Deep Neural Network Approach to Forward-Inverse Problems
This provides a method for researchers in computational science to handle forward-inverse problems in differential equations, though it appears incremental as it builds on existing DNN approaches.
The paper tackles solving differential equations (DEs) and their inverse problems by proposing a unified deep neural network (DNN) architecture that approximates analytic solutions and model parameters simultaneously, with theoretical convergence proofs and numerical validation on various equations like 1D transport and 2D heat equations.
In this paper, we construct approximated solutions of Differential Equations (DEs) using the Deep Neural Network (DNN). Furthermore, we present an architecture that includes the process of finding model parameters through experimental data, the inverse problem. That is, we provide a unified framework of DNN architecture that approximates an analytic solution and its model parameters simultaneously.

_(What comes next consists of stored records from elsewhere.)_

definition lie_algebra :: "('k::field \<Rightarrow> 'v::ab_group_add \<Rightarrow> 'v) \<Rightarrow> ('v \<Rightarrow> 'v \<Rightarrow> 'v) \<Rightarrow> bool" where
  "lie_algebra scale br \<longleftrightarrow>
     vector_space scale \<and>
     (\<forall>x. Vector_Spaces.linear scale scale (br x)) \<and>
     (\<forall>y. Vector_Spaces.linear scale scale (\<lambda>x. br x y)) \<and>
     (\<forall>x. br x x = 0) \<and>
     (\<forall>x y z. br x (br y z) + br y (br z x) + br z (br x y) = 0)"

text \<open>Z/nZ-grading: components G i for i in {0..<n} (residues represented by
integers 0..n-1; component of an arbitrary integer index i is G (i mod n)).\<close>
definition graded_lie_algebra ::
  "('k::field \<Rightarrow> 'v::ab_group_add \<Rightarrow> 'v) \<Rightarrow> ('v \<Rightarrow> 'v \<Rightarrow> 'v) \<Rightarrow> int \<Rightarrow> (int \<Rightarrow> 'v set) \<Rightarrow> bool" where
  "graded_lie_algebra scale br n G \<longleftrightarrow>
     lie_algebra scale br \<and> n > 0 \<and>
     (\<forall>i\<in>{0..<n}. module.subspace scale (G i)) \<and>
     (\<forall>x. \<exists>f. (\<forall>i\<in>{0..<n}. f i \<in> G i) \<and> x = (\<Sum>i\<in>{0..<n}. f i)) \<and>
     (\<forall>f. (\<forall>i\<in>{0..<n}. f i \<in> G i) \<and> (\<Sum>i\<in>{0..<n}. f i) = 0 \<longrightarrow> (\<forall>i\<in>{0..<n}. f i = 0)) \<and>
     (\<forall>i\<in>{0..<n}. \<forall>j\<in>{0..<n}. \<forall>x\<in>G i. \<forall>y\<in>G j. br x y \<in> G ((i + j) mod n))"

definition minus1_dependent :: "int \<Rightarrow> int list \<Rightarrow> bool" where
  "minus1_dependent n ds \<longleftrightarrow>
     (\<exists>T \<subseteq> {..<length ds}. T \<noteq> {} \<and> (\<Sum>i\<in>T. ds ! i) mod n = 0)"

definition selective_metabelian ::
  "('v::ab_group_add \<Rightarrow> 'v \<Rightarrow> 'v) \<Rightarrow> int \<Rightarrow> (int \<Rightarrow> 'v set) \<Rightarrow> bool" where
  "selective_metabelian br n G \<longleftrightarrow>
     (\<forall>d1 d2 d3 d4. \<not> minus1_dependent n [d1, d2, d3, d4] \<longrightarrow>
        (\<forall>x1\<in>G (d1 mod n). \<forall>x2\<in>G (d2 mod n). \<forall>x3\<in>G (d3 mod n). \<forall>x4\<in>G (d4 mod n).
           br (br x1 x2) (br x3 x4) = 0))"

definition add_order :: "int \<Rightarrow> int \<Rightarrow> nat" where
  "add_order n a = (LEAST k::nat. k > 0 \<and> (int k * a) mod n = 0)"

definition left_normed :: "('v \<Rightarrow> 'v \<Rightarrow> 'v) \<Rightarrow> 'v \<Rightarrow> 'v list \<Rightarrow> 'v" where
  "left_normed br x ys = foldl br x ys"

end

theory Submission
  imports Defs
begin
text \<open>Pointwise key estimate: weighted Cauchy--Schwarz applied to y \<mapsto> (f x - f y) rho(y)
  with weight e(y)^3 |y-x|^p e^{\<delta>|y-x|} / Z^2 turns (f x - mu2V V f)^2 into the
  energy density at x times the integral of this weight.\<close>

lemma deviation_le_energy_times_weight:
  fixes V f :: "'a::euclidean_space \<Rightarrow> real" and \<delta> p :: real
  assumes [measurable]: "V \<in> borel_measurable borel" "f \<in> borel_measurable borel"
    and M: "\<And>x. exp (- V x) \<le> M" and int: "integrable lborel (\<lambda>x. exp (- V x))"
    and F: "\<And>x. \<bar>f x\<bar> \<le> F"
  defines "Z \<equiv> (\<integral>y. exp (- 2 * V y) \<partial>lborel)"
  shows "ennreal ((f x - mu2V V f)\<^sup>2)
    \<le> (\<integral>\<^sup>+ y. ennreal ((f y - f x)\<^sup>2 / norm (y - x) powr p
              * exp (- \<delta> * norm (y - x)) * exp (- V y)) \<partial>lborel)
      * (\<integral>\<^sup>+ y. ennreal (exp (- V y) ^ 3 * norm (y - x) powr p * exp (\<delta> * norm (y - x)) / Z\<^sup>2) \<partial>lborel)"
proof -
  have Z: "0 < Z"
    unfolding Z_def using rho2V_density[OF _ M int] by simp
  define g where "g y = (f x - f y) * rho2V V y" for y
  define w where "w y = exp (- V y) ^ 3 * norm (y - x) powr p * exp (\<delta> * norm (y - x)) / Z\<^sup>2" for y
  have [measurable]: "g \<in> borel_measurable borel"
    unfolding g_def[abs_def] rho2V_def by measurable
  have [measurable]: "w \<in> borel_measurable borel"
    unfolding w_def[abs_def] by measurable
  have quotient: "(g y)\<^sup>2 / w y = (f y - f x)\<^sup>2 / norm (y - x) powr p
      * exp (- \<delta> * norm (y - x)) * exp (- V y)" for y
  proof (cases "y = x")
    case False
    have "exp (- 2 * V y) = exp (- V y) ^ 2"
      using exp_of_nat_mult[of 2 "- V y"] by simp
    moreover have "exp (- \<delta> * norm (y - x)) = 1 / exp (\<delta> * norm (y - x))"
      by (simp add: exp_minus inverse_eq_divide)
    ultimately show ?thesis
      using False Z unfolding g_def w_def rho2V_def Z_def[symmetric]
      by (simp add: field_simps power2_eq_square power3_eq_cube)
  qed (simp add: g_def w_def)
  have "ennreal ((f x - mu2V V f)\<^sup>2) = ennreal ((integral\<^sup>L lborel g)\<^sup>2)"
    unfolding g_def using mu2V_deviation[OF assms(1-4) F] by simp
  also have "\<dots> \<le> (\<integral>\<^sup>+ y. ennreal ((g y)\<^sup>2 / w y) \<partial>lborel) * (\<integral>\<^sup>+ y. ennreal (w y) \<partial>lborel)"
    using Z by (intro weighted_cauchy_schwarz) (auto simp: g_def w_def rho2V_def)
  finally show ?thesis
    unfolding quotient by (simp add: w_def)
qed
(* Let $G=(V,A)$ be a finite directed graph with root $r\in V$ such that every vertex has a directed path to $r$ in $G$. Run the following cluster-popping algorithm. Include each arc of $A$ independently with probability $1/2$, giving a subgraph $(V,S)$. While $(V,S)$ has a cluster, choose (by any rule) a minimal cluster $C$ of $(V,S)$ and re-randomise, independently with probability $1/2$ each, the membership in $S$ of every arc $e\in A$ whose tail lies in $C$. Then the algorithm terminates with probability $1$. On termination, $(V,S)$ is a uniformly random root-connected spanning subgraph of $G$.
   Context: For an arc $e$, $e^-$ denotes its tail and $e^+$ its head. A spanning subgraph $(V,S)$, $S\subseteq A$, is root-connected if every $v\in V$ has a directed path to $r$ in $(V,S)$. A cluster of $(V,S)$ is a nonempty set $C\subseteq V\setminus\{r\}$ such that no arc $e\in S$ has $e^-\in C$ and $e^+\in V\setminus C$. A cluster is minimal if it contains no other cluster as a proper subset. $(V,S)$ is root-connected iff it has no cluster. *)

theory Defs
  imports "HOL-Probability.Probability_Mass_Function"
begin

text \<open>Directed graph (V, A) with A a set of arcs; an arc e = (u, v) has tail fst e and head snd e.\<close>

definition root_connected :: "'v set \<Rightarrow> 'v \<Rightarrow> ('v \<times> 'v) set \<Rightarrow> bool" where
  "root_connected V r S \<longleftrightarrow> (\<forall>v\<in>V. (v, r) \<in> S\<^sup>*)"

definition is_cluster :: "'v set \<Rightarrow> 'v \<Rightarrow> ('v \<times> 'v) set \<Rightarrow> 'v set \<Rightarrow> bool" where
  "is_cluster V r S C \<longleftrightarrow> C \<noteq> {} \<and> C \<subseteq> V - {r} \<and>
     \<not> (\<exists>e\<in>S. fst e \<in> C \<and> snd e \<in> V - C)"

definition is_minimal_cluster :: "'v set \<Rightarrow> 'v \<Rightarrow> ('v \<times> 'v) set \<Rightarrow> 'v set \<Rightarrow> bool" where
  "is_minimal_cluster V r S C \<longleftrightarrow> is_cluster V r S C \<and>
     \<not> (\<exists>C'. is_cluster V r S C' \<and> C' \<subset> C)"

definition has_cluster :: "'v set \<Rightarrow> 'v \<Rightarrow> ('v \<times> 'v) set \<Rightarrow> bool" where
  "has_cluster V r S \<longleftrightarrow> (\<exists>C. is_cluster V r S C)"

text \<open>Random subset of a finite set T: each element independently with probability 1/2.\<close>
definition random_subset :: "'a set \<Rightarrow> 'a set pmf" where
  "random_subset T = pmf_of_set (Pow T)"
text \<open>The law of the complete execution on inputs \<open>x, y\<close>; it is only meaningful when the protocol
  terminates there, otherwise \<open>embed_pmf\<close> returns an unspecified distribution.\<close>

definition run_pmf :: "('x, 'y, 'z) protocol \<Rightarrow> 'x \<Rightarrow> 'y \<Rightarrow> rnd list pmf" where
  "run_pmf P x y = embed_pmf (\<lambda>r. if complete P r then run_prob P x y r else 0)"

lemma pmf_run_pmf:
  assumes "terminates pXY P" "pmf pXY (x, y) > 0"
  shows "pmf (run_pmf P x y) r = (if complete P r then run_prob P x y r else 0)"
  using assms unfolding run_pmf_def terminates_def
  by (intro pmf_embed_pmf) (auto simp: run_prob_nonneg)

lemma set_pmf_run_pmf:
  assumes "terminates pXY P" "pmf pXY (x, y) > 0"
  shows "r \<in> set_pmf (run_pmf P x y) \<longleftrightarrow> complete P r \<and> run_prob P x y r > 0"
  using pmf_run_pmf[OF assms, of r] run_prob_nonneg[of P x y r]
  by (auto simp: set_pmf_eq')

lemma joint_eq_bind_run_pmf:
  assumes "terminates pXY P"
  shows "joint pXY P = bind_pmf pXY (\<lambda>u. map_pmf (\<lambda>r. (fst u, snd u, r)) (run_pmf P (fst u) (snd u)))"
    (is "_ = ?B")
proof -
  have "pmf pXY (x, y) * (if complete P r then run_prob P x y r else 0) = pmf ?B (x, y, r)" for x y r
  proof -
    have "pmf ?B (x, y, r) = pmf pXY (x, y) * pmf (run_pmf P x y) r"
      using pmf_bind_inj_tag[of "\<lambda>r u. (fst u, snd u, r)" pXY "\<lambda>u. run_pmf P (fst u) (snd u)" r "(x, y)"]
      by (simp add: inj_def)
    moreover have "pmf pXY (x, y) = 0" if "\<not> pmf pXY (x, y) > 0"
      using that pmf_nonneg[of pXY "(x, y)"] by linarith
    ultimately show ?thesis
      using pmf_run_pmf[OF assms] by (cases "pmf pXY (x, y) > 0") auto
  qed
  then have "(\<lambda>(x, y, r). pmf pXY (x, y) * (if complete P r then run_prob P x y r else 0)) = pmf ?B"
    by auto
  then show ?thesis unfolding joint_def by (simp add: embed_pmf_pmf)
qed
(* Let $q:V\to\overline K/\overline R$ be a non-trivial generalized $(\sigma,\varepsilon)$-quadratic form with sesquilinearization $f$ such that $P_q$ spans $\mathrm{PG}(V)$, and let $U\subseteq\mathrm{Rad}(f)$ be a subspace with $U\cap\mathrm{Rad}(q)=\{0\}$. Then $q_U:V/U\to\overline K/\overline R_U$ is a well-defined generalized $(\sigma,\varepsilon)$-quadratic form with sesquilinearization $f_U$, and, with $\pi_U:V\to V/U$ the projection: (1) if $q_U$ is non-trivial, $\pi_U$ induces an isomorphism of point-line geometries from $S_q$ onto $S_{q_U}$; (2) if $q_U$ is trivial, then both $f$ and $f_U$ are alternating and $\pi_U$ induces an isomorphism from $S_q$ onto the polar space $S_{f_U}$.
   Context: $K$ division ring, $(\sigma,\varepsilon)$ admissible pair ($\sigma$ anti-automorphism, $\varepsilon^\sigma\varepsilon=1$, $t^{\sigma^2}=\varepsilon t\varepsilon^{-1}$). $K_{\sigma,\varepsilon}=\{t-t^\sigma\varepsilon\}$, $K^{\sigma,\varepsilon}=\{t:t=-t^\sigma\varepsilon\}$, $\overline K=K/K_{\sigma,\varepsilon}$, $\bar t$ class of $t$, $\bar t\circ\lambda=\overline{\lambda^\sigma t\lambda}$, $\overline K^\circ=K^{\sigma,\varepsilon}/K_{\sigma,\varepsilon}$ (a right $K$-vector space under $\circ$); closed subgroups: stable under all $\circ\lambda$; $(\bar t+\overline R)\circ\lambda=\bar t\circ\lambda+\overline R$. Generalized $(\sigma,\varepsilon)$-quadratic form with co-defect closed $\overline R$: $q:V\to\overline K/\overline R$ ($V$ right $K$-vector space) with $q(x\lambda)=q(x)\circ\lambda$ and trace-valued $(\sigma,\varepsilon)$-sesquilinear $f$ ($f(x\lambda,y\mu)=\lambda^\sigma f(x,y)\mu$, $f(y,x)=f(x,y)^\sigma\varepsilon$, $f(x,x)\in\{t+t^\sigma\varepsilon\}$) with $q(x+y)=q(x)+q(y)+(\overline{f(x,y)}+\overline R)$. For non-trivial $q$, $\overline R$ is a subspace of $\overline K^\circ$ and $q$ restricted to $\mathrm{Rad}(f)=\{x:f(x,V)=0\}$ is $K$-linear into $\overline K^\circ/\overline R$ with kernel $\mathrm{Rad}(q)=\{x\in\mathrm{Rad}(f):q(x)=\overline R\}$. Given $U$ as in the claim, $\overline R_U$ is the unique subspace of $\overline K^\circ$ containing $\overline R$ with $\overline R_U/\overline R=q(U)$; $q_U(x+U)=\bar t+\overline R_U$ where $\bar t+\overline R=q(x)$; $f_U(x+U,y+U)=f(x,y)$. Trivial: identically zero in the quotient. $S_q$ ($S_{q_U}$): points of the projective space represented by singular vectors and lines all of whose points are singular; $S_{f_U}$: points $[v]$ with $f_U(v,v)=0$ and lines on which $f_U$ vanishes identically. Alternating: $f(x,x)=0$ for all $x$. *)

theory Defs
  imports Main
begin

definition anti_automorphism :: "('k::division_ring \<Rightarrow> 'k) \<Rightarrow> bool" where
  "anti_automorphism \<sigma> \<longleftrightarrow> bij \<sigma> \<and> (\<forall>a b. \<sigma> (a + b) = \<sigma> a + \<sigma> b) \<and>
     (\<forall>a b. \<sigma> (a * b) = \<sigma> b * \<sigma> a)"

definition admissible :: "('k::division_ring \<Rightarrow> 'k) \<Rightarrow> 'k \<Rightarrow> bool" where
  "admissible \<sigma> \<epsilon> \<longleftrightarrow> anti_automorphism \<sigma> \<and> \<sigma> \<epsilon> * \<epsilon> = 1 \<and>
     (\<forall>t. \<sigma> (\<sigma> t) = \<epsilon> * t * inverse \<epsilon>)"

definition Kse :: "('k::division_ring \<Rightarrow> 'k) \<Rightarrow> 'k \<Rightarrow> 'k set" where
  "Kse \<sigma> \<epsilon> = {t - \<sigma> t * \<epsilon> | t. True}"

definition Kfix :: "('k::division_ring \<Rightarrow> 'k) \<Rightarrow> 'k \<Rightarrow> 'k set" where
  "Kfix \<sigma> \<epsilon> = {t. t = - (\<sigma> t * \<epsilon>)}"

text \<open>A subgroup of Kbar = K/K_{sigma,eps} is represented by its preimage R in K
  (an additive subgroup of K containing K_{sigma,eps}); it is closed iff stable under
  t \<mapsto> lambda^sigma t lambda.  Elements of Kbar/Rbar are represented as cosets t + R.\<close>
definition closed_sub :: "('k::division_ring \<Rightarrow> 'k) \<Rightarrow> 'k \<Rightarrow> 'k set \<Rightarrow> bool" where
  "closed_sub \<sigma> \<epsilon> R \<longleftrightarrow> 0 \<in> R \<and> (\<forall>a\<in>R. \<forall>b\<in>R. a + b \<in> R) \<and> (\<forall>a\<in>R. - a \<in> R) \<and>
     Kse \<sigma> \<epsilon> \<subseteq> R \<and> (\<forall>t\<in>R. \<forall>l. \<sigma> l * t * l \<in> R)"

definition cos :: "'k::division_ring set \<Rightarrow> 'k \<Rightarrow> 'k set" where
  "cos R t = (\<lambda>r. t + r) ` R"

section \<open>Right vector spaces (carrier based, so quotients can be formed)\<close>

record ('v, 'k) vs =
  vcarrier :: "'v set"
  vadd :: "'v \<Rightarrow> 'v \<Rightarrow> 'v"
  vzero :: 'v
  vsmul :: "'v \<Rightarrow> 'k \<Rightarrow> 'v"

definition rvs :: "('v, 'k::division_ring) vs \<Rightarrow> bool" where
  "rvs W \<longleftrightarrow>
    (let C = vcarrier W; ad = vadd W; z = vzero W; sm = vsmul W in
      z \<in> C \<and> (\<forall>x\<in>C. \<forall>y\<in>C. ad x y \<in> C) \<and> (\<forall>x\<in>C. \<forall>a. sm x a \<in> C) \<and>
      (\<forall>x\<in>C. \<forall>y\<in>C. \<forall>w\<in>C. ad (ad x y) w = ad x (ad y w)) \<and>
      (\<forall>x\<in>C. \<forall>y\<in>C. ad x y = ad y x) \<and>
      (\<forall>x\<in>C. ad z x = x) \<and>
      (\<forall>x\<in>C. \<exists>y\<in>C. ad x y = z) \<and>
      (\<forall>x\<in>C. \<forall>a b. sm x (a + b) = ad (sm x a) (sm x b)) \<and>
      (\<forall>x\<in>C. \<forall>y\<in>C. \<forall>a. sm (ad x y) a = ad (sm x a) (sm y a)) \<and>
      (\<forall>x\<in>C. \<forall>a b. sm (sm x a) b = sm x (a * b)) \<and>
      (\<forall>x\<in>C. sm x 1 = x))"

definition subspace :: "('v, 'k::division_ring) vs \<Rightarrow> 'v set \<Rightarrow> bool" where
  "subspace W X \<longleftrightarrow> X \<subseteq> vcarrier W \<and> vzero W \<in> X \<and>
     (\<forall>x\<in>X. \<forall>y\<in>X. vadd W x y \<in> X) \<and> (\<forall>x\<in>X. \<forall>a. vsmul W x a \<in> X)"

definition span :: "('v, 'k::division_ring) vs \<Rightarrow> 'v set \<Rightarrow> 'v set" where
  "span W S = \<Inter> {X. subspace W X \<and> S \<subseteq> X}"

definition points :: "('v, 'k::division_ring) vs \<Rightarrow> 'v set set" where
  "points W = {span W {x} | x. x \<in> vcarrier W \<and> x \<noteq> vzero W}"

definition lines :: "('v, 'k::division_ring) vs \<Rightarrow> 'v set set" where
  "lines W = {span W {x, y} | x y. x \<in> vcarrier W \<and> y \<in> vcarrier W \<and>
                 x \<noteq> vzero W \<and> y \<notin> span W {x}}"

definition trace_valued_sesq ::
  "('v, 'k::division_ring) vs \<Rightarrow> ('k \<Rightarrow> 'k) \<Rightarrow> 'k \<Rightarrow> ('v \<Rightarrow> 'v \<Rightarrow> 'k) \<Rightarrow> bool" where
  "trace_valued_sesq W \<sigma> \<epsilon> f \<longleftrightarrow>
    (let C = vcarrier W in
     (\<forall>x\<in>C. \<forall>y\<in>C. \<forall>z\<in>C. f (vadd W x y) z = f x z + f y z) \<and>
     (\<forall>x\<in>C. \<forall>y\<in>C. \<forall>z\<in>C. f x (vadd W y z) = f x y + f x z) \<and>
     (\<forall>x\<in>C. \<forall>y\<in>C. \<forall>a b. f (vsmul W x a) (vsmul W y b) = \<sigma> a * f x y * b) \<and>
     (\<forall>x\<in>C. \<forall>y\<in>C. f y x = \<sigma> (f x y) * \<epsilon>) \<and>
     (\<forall>x\<in>C. \<exists>t. f x x = t + \<sigma> t * \<epsilon>))"

text \<open>Generalized (sigma,eps)-quadratic form q : V -> Kbar/Rbar with co-defect the closed
  subgroup represented by R, and sesquilinearization f.\<close>
definition gen_quad_form ::
  "('v, 'k::division_ring) vs \<Rightarrow> ('k \<Rightarrow> 'k) \<Rightarrow> 'k \<Rightarrow> 'k set \<Rightarrow> ('v \<Rightarrow> 'k set)
     \<Rightarrow> ('v \<Rightarrow> 'v \<Rightarrow> 'k) \<Rightarrow> bool" where
  "gen_quad_form W \<sigma> \<epsilon> R q f \<longleftrightarrow>
    rvs W \<and> admissible \<sigma> \<epsilon> \<and> closed_sub \<sigma> \<epsilon> R \<and> trace_valued_sesq W \<sigma> \<epsilon> f \<and>
    (\<forall>x\<in>vcarrier W. \<exists>t. q x = cos R t) \<and>
    (\<forall>x\<in>vcarrier W. \<forall>l. \<forall>t\<in>q x. q (vsmul W x l) = cos R (\<sigma> l * t * l)) \<and>
    (\<forall>x\<in>vcarrier W. \<forall>y\<in>vcarrier W. \<forall>t\<in>q x. \<forall>s\<in>q y.
        q (vadd W x y) = cos R (t + s + f x y))"

definition qtrivial :: "('v, 'k) vs \<Rightarrow> 'k set \<Rightarrow> ('v \<Rightarrow> 'k set) \<Rightarrow> bool" where
  "qtrivial W R q \<longleftrightarrow> (\<forall>x\<in>vcarrier W. q x = R)"

definition alternating :: "('v, 'k::division_ring) vs \<Rightarrow> ('v \<Rightarrow> 'v \<Rightarrow> 'k) \<Rightarrow> bool" where
  "alternating W f \<longleftrightarrow> (\<forall>x\<in>vcarrier W. f x x = 0)"

definition Radf :: "('v, 'k::division_ring) vs \<Rightarrow> ('v \<Rightarrow> 'v \<Rightarrow> 'k) \<Rightarrow> 'v set" where
  "Radf W f = {x \<in> vcarrier W. \<forall>y\<in>vcarrier W. f x y = 0}"

definition Radq :: "('v, 'k::division_ring) vs \<Rightarrow> 'k set \<Rightarrow> ('v \<Rightarrow> 'k set)
     \<Rightarrow> ('v \<Rightarrow> 'v \<Rightarrow> 'k) \<Rightarrow> 'v set" where
  "Radq W R q f = {x \<in> Radf W f. q x = R}"

definition sing_points :: "('v, 'k::division_ring) vs \<Rightarrow> 'k set \<Rightarrow> ('v \<Rightarrow> 'k set) \<Rightarrow> 'v set set" where
  "sing_points W R q = {span W {x} | x. x \<in> vcarrier W \<and> x \<noteq> vzero W \<and> q x = R}"

definition sing_lines :: "('v, 'k::division_ring) vs \<Rightarrow> 'k set \<Rightarrow> ('v \<Rightarrow> 'k set) \<Rightarrow> 'v set set" where
  "sing_lines W R q = {L \<in> lines W. \<forall>p\<in>points W. p \<subseteq> L \<longrightarrow> p \<in> sing_points W R q}"

definition S_q :: "('v, 'k::division_ring) vs \<Rightarrow> 'k set \<Rightarrow> ('v \<Rightarrow> 'k set) \<Rightarrow> 'v set set \<times> 'v set set" where
  "S_q W R q = (sing_points W R q, sing_lines W R q)"

definition S_f :: "('v, 'k::division_ring) vs \<Rightarrow> ('v \<Rightarrow> 'v \<Rightarrow> 'k) \<Rightarrow> 'v set set \<times> 'v set set" where
  "S_f W f = ({span W {v} | v. v \<in> vcarrier W \<and> v \<noteq> vzero W \<and> f v v = 0},
              {L \<in> lines W. \<forall>x\<in>L. \<forall>y\<in>L. f x y = 0})"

The architecture consists of a feed forward DNN with non-linear activation functions depending on DEs, automatic differentiation, reduction of order, and gradient based optimization method. We also prove theoretically that the proposed DNN solution converges to an analytic solution in a suitable function space for fundamental DEs. Finally, we perform numerical experiments to validate the robustness of our simplistic DNN architecture for 1D transport equation, 2D heat equation, 2D wave equation, and the Lotka-Volterra system.